**EXERCISE DETAILS:**
Give the number of lines in the records below that contain the word "ultimately", and nothing more.

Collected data

···

(* Let $k\ge1$ be an integer and let $p=p(n)$ satisfy \[2\frac{\log(n)+\omega(n)}{n}\le p\le 1-(k+1)\frac{\log(n)+\omega(n)}{n}\] for some sequence $\omega(n)\to\infty$. Let $F(x,y)=x^{k+1}\big(y+(1-y)^{k+1}\big)^{x-k-1}$. Then $\lim_{n\to\infty}F(n,p(n))=0$.
   Context: $\log$ is the natural logarithm. *)

theory Defs
  imports Complex_Main
begin

definition F :: "nat \<Rightarrow> real \<Rightarrow> real \<Rightarrow> real" where
  "F k x y = x ^ (k + 1) * (y + (1 - y) ^ (k + 1)) powr (x - real k - 1)"

end

theory Submission
  imports Defs "HOL-Analysis.Analysis" "HOL-Real_Asymp.Real_Asymp"
begin

text \<open>Write \<open>F(x,y) = x^(k+1) g(y)^(x-k-1)\<close> with \<open>g(y) = F_base k y = y + (1-y)^(k+1)\<close> and
  \<open>L = (log n + \<omega>)/n\<close>, so that \<open>p\<close> ranges over \<open>[2L, 1 - (k+1)L]\<close>. As \<open>g\<close> is convex,
  \<open>g(p)\<close> is at most its value at one of the two endpoints, and there \<open>1 - g \<ge> (k+1)L - O(L^2)\<close>
  and \<open>1 - g \<ge> L\<close>. Using \<open>g^N \<le> exp(-N(1-g))\<close>, \<open>F(n,p) \<le> exp(k+1-T)\<close> with
  \<open>T = n(1-g) - (k+1) log n\<close>. If \<open>(nL)^2 \<le> n\<close> the first bound gives \<open>T \<ge> (k+1)\<omega> - O(1)\<close>,
  otherwise the second gives \<open>T \<ge> sqrt n - (k+1) log n\<close>; either way \<open>T \<rightarrow> \<infinity>\<close>.\<close>

definition F_base :: "nat \<Rightarrow> real \<Rightarrow> real" where
  "F_base k y = y + (1 - y) ^ (k + 1)"

lemma F_eq_F_base: "F k x y = x ^ (k + 1) * F_base k y powr (x - real k - 1)"
  by (simp add: F_def F_base_def)

lemma F_base_mem_unit:
  assumes "0 \<le> y" "y \<le> 1"
  shows "F_base k y \<in> {0..1}"
proof -
  have "(1 - y) ^ (k + 1) \<le> (1 - y) ^ 1"
    using assms by (intro power_decreasing) auto
  then show ?thesis using assms by (simp add: F_base_def)
qed

lemma convex_on_F_base: "convex_on {0..1} (F_base k)"
  unfolding F_base_def[abs_def]
proof (rule f''_ge0_imp_convex[where f' = "\<lambda>y. 1 - real (k+1) * (1 - y) ^ k"
      and f'' = "\<lambda>y. real (k+1) * real k * (1 - y) ^ (k - 1)"])
  fix x :: real assume x: "x \<in> {0..1}"
  show "((\<lambda>y. y + (1 - y) ^ (k + 1)) has_real_derivative 1 - real (k+1) * (1 - x) ^ k) (at x)"
    by (rule derivative_eq_intros | simp)+
  show "((\<lambda>y. 1 - real (k+1) * (1 - y) ^ k)
          has_real_derivative real (k+1) * real k * (1 - x) ^ (k - 1)) (at x)"
    by (rule derivative_eq_intros | simp)+
  show "0 \<le> real (k+1) * real k * (1 - x) ^ (k - 1)" using x by simp
qed simp

lemma F_le_max_endpoints:
  assumes "0 \<le> a" "a \<le> y" "y \<le> b" "b \<le> 1" "real k + 1 \<le> x"
  shows "F k x y \<le> max (F k x a) (F k x b)"
proof -
  have "convex_on {a..b} (F_base k)"
    by (rule convex_on_subset[OF convex_on_F_base]) (use assms in auto)
  then have "F_base k y \<le> max (F_base k a) (F_base k b)"
    using assms by (intro convex_on_le_max) auto
  then obtain c where c: "c \<in> {a, b}" "F_base k y \<le> F_base k c"
    by (metis insertCI max_def)
  have "F_base k y powr (x - real k - 1) \<le> F_base k c powr (x - real k - 1)"
    using c(2) F_base_mem_unit[of y k] assms by (intro powr_mono2) auto
  then have "F k x y \<le> F k x c"
    unfolding F_eq_F_base using assms by (intro mult_left_mono) auto
  then show ?thesis using c(1) by auto
qed

lemma power_one_minus_le_quadratic:
  fixes x :: real
  assumes "0 \<le> x" "x \<le> 1"
  shows "(1 - x) ^ k \<le> 1 - real k * x + real k * (real k - 1) / 2 * x^2"
proof (induction k)
  case (Suc k)
  have "(1 - x) ^ Suc k \<le> (1 - x) * (1 - real k * x + real k * (real k - 1) / 2 * x^2)"
    using Suc assms by (simp add: mult_left_mono)
  also have "\<dots> = 1 - real (Suc k) * x + real (Suc k) * (real (Suc k) - 1) / 2 * x^2
      - real k * (real k - 1) / 2 * x^3"
    by (simp add: field_simps power2_eq_square power3_eq_cube)
  also have "\<dots> \<le> 1 - real (Suc k) * x + real (Suc k) * (real (Suc k) - 1) / 2 * x^2"
    using assms by (cases k) auto
  finally show ?case .
qed simp

lemma one_minus_F_base_ge_quadratic:
  fixes x :: real
  assumes "0 \<le> x" "x \<le> 1"
  shows "real k * x - real k * (real k + 1) / 2 * x^2 \<le> 1 - F_base k x"
proof -
  define K where "K = real k * (real k - 1) / 2"
  have "K \<ge> 0" by (cases k) (auto simp: K_def)
  have "(1 - x) ^ (k + 1) \<le> (1 - x) * (1 - real k * x + K * x^2)"
    using power_one_minus_le_quadratic[OF assms, of k] assms by (simp add: K_def mult_left_mono)
  also have "\<dots> = 1 - x - real k * x + (K + real k) * x^2 - K * x^3"
    by (simp add: algebra_simps power2_eq_square power3_eq_cube)
  also have "\<dots> \<le> 1 - x - real k * x + (K + real k) * x^2"
    using \<open>K \<ge> 0\<close> assms by simp
  finally show ?thesis by (simp add: F_base_def K_def field_simps)
qed

lemma one_minus_F_base_ge_half:
  fixes x :: real
  assumes "k \<ge> 1" "0 \<le> x" "x \<le> 1/2"
  shows "x / 2 \<le> 1 - F_base k x"
proof -
  have "(1 - x) ^ (k + 1) \<le> (1 - x)^2"
    using assms by (intro power_decreasing) auto
  moreover have "x * x \<le> x / 2" using assms mult_left_mono[of x "1/2" x] by simp
  ultimately show ?thesis by (simp add: F_base_def power2_eq_square algebra_simps)
qed

lemma one_minus_F_base_near_one:
  fixes a :: real
  assumes "k \<ge> 1" "0 \<le> a" "a \<le> 1"
  shows "a - a^2 \<le> 1 - F_base k (1 - a)"
proof -
  have "a ^ (k + 1) \<le> a ^ 2" using assms by (intro power_decreasing) auto
  then show ?thesis by (simp add: F_base_def)
qed

lemma one_minus_F_base_at_lower_endpoint:
  fixes L :: real
  assumes k: "k \<ge> 1" and L: "0 \<le> L" "real (k + 3) * L \<le> 1"
  shows "real (k + 1) * L - 2 * real k * real (k + 1) * L^2 \<le> 1 - F_base k (2 * L)"
    and "L \<le> 1 - F_base k (2 * L)"
proof -
  have "2 * L \<le> 1/2" using L k mult_right_mono[of 4 "real (k + 3)" L] by auto
  then show "L \<le> 1 - F_base k (2 * L)"
    using one_minus_F_base_ge_half[OF k, of "2 * L"] L by simp
  have "real (k + 1) * L \<le> 2 * real k * L" using k L by (simp add: mult_right_mono)
  moreover have "real k * (2 * L) - real k * (real k + 1) / 2 * (2 * L)^2
      = 2 * real k * L - 2 * real k * real (k + 1) * L^2"
    by (simp add: power2_eq_square algebra_simps)
  ultimately show "real (k + 1) * L - 2 * real k * real (k + 1) * L^2 \<le> 1 - F_base k (2 * L)"
    using one_minus_F_base_ge_quadratic[of "2 * L" k] \<open>2 * L \<le> 1/2\<close> L by linarith
qed

lemma one_minus_F_base_at_upper_endpoint:
  fixes L :: real
  assumes k: "k \<ge> 1" and L: "0 \<le> L" "real (k + 3) * L \<le> 1"
  shows "real (k + 1) * L - 2 * real k * real (k + 1) * L^2 \<le> 1 - F_base k (1 - real (k + 1) * L)"
    and "L \<le> 1 - F_base k (1 - real (k + 1) * L)"
proof -
  define a where "a = real (k + 1) * L"
  have "0 \<le> a" "a \<le> 1" using L by (auto simp: a_def algebra_simps)
  then have gap: "a - a^2 \<le> 1 - F_base k (1 - a)"
    by (rule one_minus_F_base_near_one[OF k])
  have "(real k + 1)^2 \<le> 2 * real k * real (k + 1)"
    using mult_right_mono[of "real k + 1" "2 * real k" "real k + 1"] k
    by (simp add: power2_eq_square algebra_simps)
  then have "(real k + 1)^2 * L^2 \<le> 2 * real k * real (k + 1) * L^2"
    by (rule mult_right_mono) simp
  moreover have "a^2 = (real k + 1)^2 * L^2" by (simp add: a_def power_mult_distrib)
  ultimately show "real (k + 1) * L - 2 * real k * real (k + 1) * L^2 \<le> 1 - F_base k (1 - real (k + 1) * L)"
    using gap by (simp add: a_def)
  have "1 \<le> real (k + 1) * (1 - a)"
    using L k mult_left_mono[of "real (k + 3) * L" 1 "real k"] mult_right_mono[of 1 "real k" L]
    by (simp add: a_def algebra_simps)
  then have "L * 1 \<le> L * (real (k + 1) * (1 - a))" using L by (intro mult_left_mono) auto
  then have "L \<le> a - a^2" by (simp add: a_def power2_eq_square algebra_simps)
  then show "L \<le> 1 - F_base k (1 - real (k + 1) * L)"
    using gap by (simp add: a_def)
qed

lemma scaled_gap_ge_min:
  fixes n S \<delta> c m :: real
  assumes "0 < n" "0 \<le> S" "0 \<le> c"
    and quadratic: "m * (S / n) - c * (S / n)^2 \<le> \<delta>" and linear: "S / n \<le> \<delta>"
  shows "min (m * S - c) (sqrt n) \<le> n * \<delta>"
proof (cases "S^2 \<le> n")
  case True
  have "S^2 / n \<le> 1" using True assms by simp
  then have "c * (S^2 / n) \<le> c * 1" using assms(3) by (rule mult_left_mono)
  moreover have "n * (m * (S / n) - c * (S / n)^2) \<le> n * \<delta>"
    using quadratic assms by (intro mult_left_mono) auto
  moreover have "n * (m * (S / n) - c * (S / n)^2) = m * S - c * (S^2 / n)"
    using assms by (simp add: power2_eq_square field_simps)
  ultimately show ?thesis by linarith
next
  case False
  then have "sqrt n \<le> S" using assms by (intro real_le_lsqrt) auto
  moreover have "n * (S / n) \<le> n * \<delta>" using linear assms by (intro mult_left_mono) auto
  ultimately show ?thesis using assms by simp
qed

lemma powr_le_exp_neg:
  fixes g N :: real
  assumes "0 \<le> g" "g \<le> 1" "0 \<le> N"
  shows "g powr N \<le> exp (- N * (1 - g))"
proof (cases "g = 0")
  case False
  then have "N * ln g \<le> N * (g - 1)"
    using ln_le_minus_one[of g] assms by (intro mult_left_mono) auto
  then show ?thesis using False assms by (simp add: powr_def mult.commute algebra_simps)
qed simp

lemma power_powr_le_exp:
  fixes x g :: real
  assumes x: "real k + 1 \<le> x" and g: "0 \<le> g" "g \<le> 1"
  shows "x ^ (k + 1) * g powr (x - real k - 1)
           \<le> exp (real (k + 1) - (x * (1 - g) - real (k + 1) * ln x))"
proof -
  have "x > 0" using x by linarith
  then have "x ^ (k + 1) = exp (real (k + 1) * ln x)"
    by (simp add: exp_of_nat_mult[symmetric] ln_realpow[symmetric] del: of_nat_Suc)
  moreover have "g powr (x - real k - 1) \<le> exp (- (x - real k - 1) * (1 - g))"
    using g x by (intro powr_le_exp_neg) auto
  ultimately have "x ^ (k + 1) * g powr (x - real k - 1)
      \<le> exp (real (k + 1) * ln x + - (x - real k - 1) * (1 - g))"
    by (simp add: exp_add mult_left_mono)
  also have "\<dots> \<le> exp (real (k + 1) - (x * (1 - g) - real (k + 1) * ln x))"
    using g mult_left_le[of "1 - g" "real k + 1"] by (simp add: algebra_simps)
  finally show ?thesis .
qed

lemma filterlim_at_top_min:
  fixes f g :: "'a \<Rightarrow> 'b :: linorder"
  assumes "filterlim f at_top net" "filterlim g at_top net"
  shows "filterlim (\<lambda>x. min (f x) (g x)) at_top net"
  using assms unfolding filterlim_at_top by (auto intro: eventually_conj[THEN eventually_mono])

lemma F_le_exp_margin:
  fixes x y w :: real
  assumes k: "k \<ge> 1" and x: "real k + 1 \<le> x" and w: "0 \<le> w"
    and y: "2 * (ln x + w) / x \<le> y" "y \<le> 1 - real (k + 1) * (ln x + w) / x"
  shows "F k x y \<le> exp (real (k + 1)
           - min (real (k + 1) * w - 2 * real k * real (k + 1)) (sqrt x - real (k + 1) * ln x))"
proof -
  define S where "S = ln x + w"
  define L where "L = S / x"
  have "0 < x" "1 \<le> x" using x by linarith+
  then have "0 \<le> S" using w by (simp add: S_def)
  have y_between: "2 * L \<le> y" "y \<le> 1 - real (k + 1) * L"
    using y by (simp_all add: L_def S_def)
  then have "2 * L + real (k + 1) * L \<le> 1" by linarith
  then have L: "0 \<le> L" "real (k + 3) * L \<le> 1"
    using \<open>0 \<le> S\<close> \<open>0 < x\<close> by (auto simp: L_def algebra_simps)
  have "F k x y \<le> max (F k x (2 * L)) (F k x (1 - real (k + 1) * L))"
    using L y_between x by (intro F_le_max_endpoints) (auto simp: algebra_simps)
  then obtain e where e: "e = 2 * L \<or> e = 1 - real (k + 1) * L" "F k x y \<le> F k x e"
    by (metis max_def)
  have "2 * L \<le> real (k + 3) * L" "0 \<le> real (k + 1) * L" "real (k + 1) * L \<le> real (k + 3) * L"
    using L by (auto intro: mult_right_mono)
  then have e01: "0 \<le> e" "e \<le> 1" using e(1) L by (smt (verit))+
  have "real (k + 1) * L - 2 * real k * real (k + 1) * L^2 \<le> 1 - F_base k e \<and> L \<le> 1 - F_base k e"
    using e(1) one_minus_F_base_at_lower_endpoint[OF k L] one_minus_F_base_at_upper_endpoint[OF k L]
    by auto
  then have "min (real (k + 1) * S - 2 * real k * real (k + 1)) (sqrt x) \<le> x * (1 - F_base k e)"
    using \<open>0 < x\<close> \<open>0 \<le> S\<close> by (intro scaled_gap_ge_min) (auto simp: L_def)
  moreover have "min (real (k + 1) * w - 2 * real k * real (k + 1)) (sqrt x - real (k + 1) * ln x)
      = min (real (k + 1) * S - 2 * real k * real (k + 1)) (sqrt x) - real (k + 1) * ln x"
    by (simp add: min_diff_distrib_left S_def algebra_simps)
  ultimately have margin: "min (real (k + 1) * w - 2 * real k * real (k + 1)) (sqrt x - real (k + 1) * ln x)
      \<le> x * (1 - F_base k e) - real (k + 1) * ln x"
    by linarith
  have "F k x y \<le> F k x e" by (rule e(2))
  also have "\<dots> \<le> exp (real (k + 1) - (x * (1 - F_base k e) - real (k + 1) * ln x))"
    unfolding F_eq_F_base using F_base_mem_unit[OF e01] by (intro power_powr_le_exp[OF x]) auto
  also have "\<dots> \<le> exp (real (k + 1)
      - min (real (k + 1) * w - 2 * real k * real (k + 1)) (sqrt x - real (k + 1) * ln x))"
    using margin by simp
  finally show ?thesis .
qed

lemma min_margin_at_top:
  fixes \<omega> :: "nat \<Rightarrow> real" and c d :: real
  assumes "filterlim \<omega> at_top sequentially" "0 < c"
  shows "filterlim (\<lambda>n. min (c * \<omega> n - d) (sqrt (real n) - c * ln (real n))) at_top sequentially"
proof -
  have "filterlim (\<lambda>n. - d + c * \<omega> n) at_top sequentially"
    using filterlim_tendsto_pos_mult_at_top[OF tendsto_const assms(2,1)]
    by (rule filterlim_tendsto_add_at_top[OF tendsto_const])
  then have "filterlim (\<lambda>n. c * \<omega> n - d) at_top sequentially" by simp
  moreover have "filterlim (\<lambda>n. sqrt (real n) - c * ln (real n)) at_top sequentially"
    by real_asymp
  ultimately show ?thesis by (rule filterlim_at_top_min)
qed

theorem lemma2p9:
  fixes k :: nat and p \<omega> :: "nat \<Rightarrow> real"
  assumes "k \<ge> 1"
    and "filterlim \<omega> at_top sequentially"
    and "\<forall>\<^sub>F n in sequentially.
           2 * (ln (real n) + \<omega> n) / real n \<le> p n \<and>
           p n \<le> 1 - real (k + 1) * (ln (real n) + \<omega> n) / real n"
  shows "(\<lambda>n. F k (real n) (p n)) \<longlonglongrightarrow> 0"
proof -
  define T where "T n = min (real (k + 1) * \<omega> n - 2 * real k * real (k + 1))
                           (sqrt (real n) - real (k + 1) * ln (real n))" for n
  have "filterlim T at_top sequentially"
    unfolding T_def using assms(2) by (rule min_margin_at_top) simp
  then have "filterlim (\<lambda>n. real (k + 1) - T n) at_bot sequentially"
    unfolding diff_conv_add_uminus filterlim_uminus_at_top
    by (rule filterlim_tendsto_add_at_bot_iff[OF tendsto_const, THEN iffD2])
  then have lim: "(\<lambda>n. exp (real (k + 1) - T n)) \<longlonglongrightarrow> 0"
    by (rule filterlim_compose[OF exp_at_bot])
  have "\<forall>\<^sub>F n in sequentially. F k (real n) (p n) \<le> exp (real (k + 1) - T n)"
    using assms(3) eventually_ge_at_top[of "k + 1"] assms(2)[unfolded filterlim_at_top, rule_format, of 0]
  proof eventually_elim
    case (elim n)
    then show ?case unfolding T_def by (intro F_le_exp_margin[OF assms(1)]) auto
  qed
  moreover have "\<forall>\<^sub>F n in sequentially. 0 \<le> F k (real n) (p n)"
    by (simp add: F_def)
  ultimately show ?thesis
    by (intro tendsto_sandwich[OF _ _ tendsto_const lim])
qed

end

···

**RESPONSE TO THIS EXERCISE:**
9